1) We investigate how postnatal development of inhibitory function shapes the way sensory information is processed in the cortex, in the context of health and disease. Perception depends on the adaptive function of various cortical areas comprised of many types of cells, and synaptic connections that develop on a long timescale. During development, neural networks must grow from a state of zero connectivity to the precisely interconnected circuits characteristic of the adult brain. The activity of GABAergic inhibitory neurons during postnatal development is likely to mediate synaptic refinement, reducing synchrony and enhancing precision in the mature network. Accordingly, dysregulation of inhibitory neurons has been linked to several neurodevelopmental disorders. Addressing these questions will identify key developmental processes, elucidate fundamental mechanisms by which sensory information guides behaviour, and potentially provide new biomarkers for neuropsychiatric diseases.

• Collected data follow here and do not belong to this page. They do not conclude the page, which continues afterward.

lemma defect_gap_ge:
  assumes t: "0 < t"
  shows "t\<^sup>2 * (a - g) / (g\<^sup>2 * sqrt ((t + x) * (t + y)) * (sqrt ((t + x) * (t + y)) + g))
    \<le> a / g * defect0 t - defect t"
proof -
  define s where "s = sqrt ((t + x) * (t + y))"
  have s_ge: "t + g \<le> s"
    using g_le_sqrt_shift t by (simp add: s_def)
  have pos: "0 < g" "0 < s" "0 < t + g" "0 \<le> a"
    using g_pos t s_ge g_le_a by auto
  have "(s - g) * (s + g) = t * (t + 2 * a)"
    using t x_pos y_pos g_sq by (simp add: s_def a_def power2_eq_square algebra_simps)
  then have defect: "defect t = t * (t + 2 * a) / (g * s * (s + g))"
    unfolding defect_def s_def[symmetric] using pos by (simp add: divide_simps)
  have "g * (t + 2 * a) * (t + g) + t * (t + g) * (a - g) = a * (t + g) * (t + 2 * g)"
    by (simp add: algebra_simps)
  also have "\<dots> \<le> a * s * (s + g)"
    using s_ge pos mult_mono[OF s_ge, of "t + 2 * g" "s + g"] by (simp add: mult.assoc mult_left_mono)
  finally have key: "t * (t + g) * (a - g) \<le> a * s * (s + g) - g * (t + 2 * a) * (t + g)"
    by simp
  have "t\<^sup>2 * (a - g) / (g\<^sup>2 * s * (s + g)) = t * (t * (t + g) * (a - g)) / (g\<^sup>2 * s * (s + g) * (t + g))"
    using pos by (simp add: power2_eq_square)
  also have "\<dots> \<le> t * (a * s * (s + g) - g * (t + 2 * a) * (t + g)) / (g\<^sup>2 * s * (s + g) * (t + g))"
    using key t pos by (intro divide_right_mono mult_left_mono) auto
  also have "\<dots> = a / g * defect0 t - defect t"
    unfolding defect defect0_def using pos by (simp add: divide_simps) (simp add: power2_eq_square algebra_simps)
  finally show ?thesis
    by (simp add: s_def)
qed

lemma defect_le_defect0:
  assumes t: "0 < t"
  shows "defect t \<le> a / g * defect0 t"
    and "x \<noteq> y \<Longrightarrow> defect t < a / g * defect0 t"
proof -
  have "0 < g\<^sup>2 * sqrt ((t + x) * (t + y)) * (sqrt ((t + x) * (t + y)) + g)"
    using t x_pos y_pos g_pos by (simp add: add_pos_pos)
  then have "0 \<le> t\<^sup>2 * (a - g) / (g\<^sup>2 * sqrt ((t + x) * (t + y)) * (sqrt ((t + x) * (t + y)) + g))"
    and "x \<noteq> y \<Longrightarrow> 0 < t\<^sup>2 * (a - g) / (g\<^sup>2 * sqrt ((t + x) * (t + y)) * (sqrt ((t + x) * (t + y)) + g))"
    using t g_le_a g_less_a_iff by simp_all
  with defect_gap_ge[OF t] show "defect t \<le> a / g * defect0 t" "x \<noteq> y \<Longrightarrow> defect t < a / g * defect0 t"
    by linarith+
qed

lemma defect_eq_defect0:
  assumes "x = y" "0 \<le> t"
  shows "defect t = defect0 t"
proof -
  have "g = x" "sqrt ((t + x) * (t + y)) = t + x"
    unfolding g_def using assms x_pos by simp_all
  then show ?thesis
    unfolding defect_def defect0_def using assms x_pos by (simp add: divide_simps)
qed

lemma continuous_on_defect: "continuous_on {0<..} defect"
  unfolding defect_def using x_pos y_pos by (intro continuous_intros) auto

lemma continuous_on_defect0: "continuous_on {0<..} defect0"
  unfolding defect0_def using g_pos by (intro continuous_intros) auto

lemma integral_weighted_defect_bounds:
  assumes int: "(\<lambda>t. w t * defect t) integrable_on {0<..}" "(\<lambda>t. w t * defect0 t) integrable_on {0<..}"
    and w: "\<And>t. 0 < t \<Longrightarrow> 0 \<le> w t"
  shows "integral {0<..} (\<lambda>t. w t * defect0 t) \<le> integral {0<..} (\<lambda>t. w t * defect t)"
    and "integral {0<..} (\<lambda>t. w t * defect t) \<le> a / g * integral {0<..} (\<lambda>t. w t * defect0 t)"
proof -
  show "integral {0<..} (\<lambda>t. w t * defect0 t) \<le> integral {0<..} (\<lambda>t. w t * defect t)"
    using int w defect0_le_defect(1) by (intro integral_le) (auto intro: mult_left_mono)
  have "integral {0<..} (\<lambda>t. w t * defect t) \<le> integral {0<..} (\<lambda>t. a / g * (w t * defect0 t))"
  proof (rule integral_le[OF int(1) integrable_on_mult_right[OF int(2)]])
    fix t :: real assume "t \<in> {0<..}"
    then show "w t * defect t \<le> a / g * (w t * defect0 t)"
      using mult_left_mono[OF defect_le_defect0(1) w] by (simp add: mult_ac)
  qed
  then show "integral {0<..} (\<lambda>t. w t * defect t) \<le> a / g * integral {0<..} (\<lambda>t. w t * defect0 t)"
    by simp
qed

lemma integral_weighted_defect_strict_bounds:
  assumes int: "(\<lambda>t. w t * defect t) integrable_on {0<..}" "(\<lambda>t. w t * defect0 t) integrable_on {0<..}"
    and w: "continuous_on {0<..} w" "\<And>t. 0 < t \<Longrightarrow> 0 < w t" and "x \<noteq> y"
  shows "integral {0<..} (\<lambda>t. w t * defect0 t) < integral {0<..} (\<lambda>t. w t * defect t)"
    and "integral {0<..} (\<lambda>t. w t * defect t) < a / g * integral {0<..} (\<lambda>t. w t * defect0 t)"
proof -
  have cont: "continuous_on {0<..} (\<lambda>t. w t * defect t)" "continuous_on {0<..} (\<lambda>t. w t * defect0 t)"
    using w continuous_on_defect continuous_on_defect0 by (auto intro: continuous_intros)
  show "integral {0<..} (\<lambda>t. w t * defect0 t) < integral {0<..} (\<lambda>t. w t * defect t)"
  proof (rule integral_strict_mono_open[OF _ _ int(2,1) cont(2,1)])
    fix t :: real assume "t \<in> {0<..}"
    then show "w t * defect0 t < w t * defect t"
      using mult_strict_left_mono[OF defect0_le_defect(2) w(2)] \<open>x \<noteq> y\<close> by simp
  qed auto
  have "integral {0<..} (\<lambda>t. w t * defect t) < integral {0<..} (\<lambda>t. a / g * (w t * defect0 t))"
  proof (rule integral_strict_mono_open[OF _ _ int(1) integrable_on_mult_right[OF int(2)] cont(1)])
    show "continuous_on {0<..} (\<lambda>t. a / g * (w t * defect0 t))"
      using w(1) continuous_on_defect0 by (intro continuous_intros)
    fix t :: real assume "t \<in> {0<..}"
    then show "w t * defect t < a / g * (w t * defect0 t)"
      using mult_strict_left_mono[OF defect_le_defect0(2) w(2)] \<open>x \<noteq> y\<close> by (simp add: mult_ac)
  qed auto
  then show "integral {0<..} (\<lambda>t. w t * defect t) < a / g * integral {0<..} (\<lambda>t. w t * defect0 t)"
    by simp
qed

2) We investigate the mechanisms by which contextual modulations are implemented in cortical circuits. We focus on contextual influences of global behavioural/arousal state (e.g. how alert am I?), sensory predictions (e.g. which stimuli do I expect?), and top-down attention (what is relevant to me?). We ask what are the essential neuron classes, giving emphasis to GABAergic inhibitory neurons classes, responsible for translating neuromodulatory signals into changes in sensory processing and perception. By focusing on the circuit mechanisms of contextual modulation operations, we may begin to understand how mutations in GABAergic inhibitory neurons and alterations in neuromodulatory signaling lead to specific deficits of information processing in neuropsychiatric disease.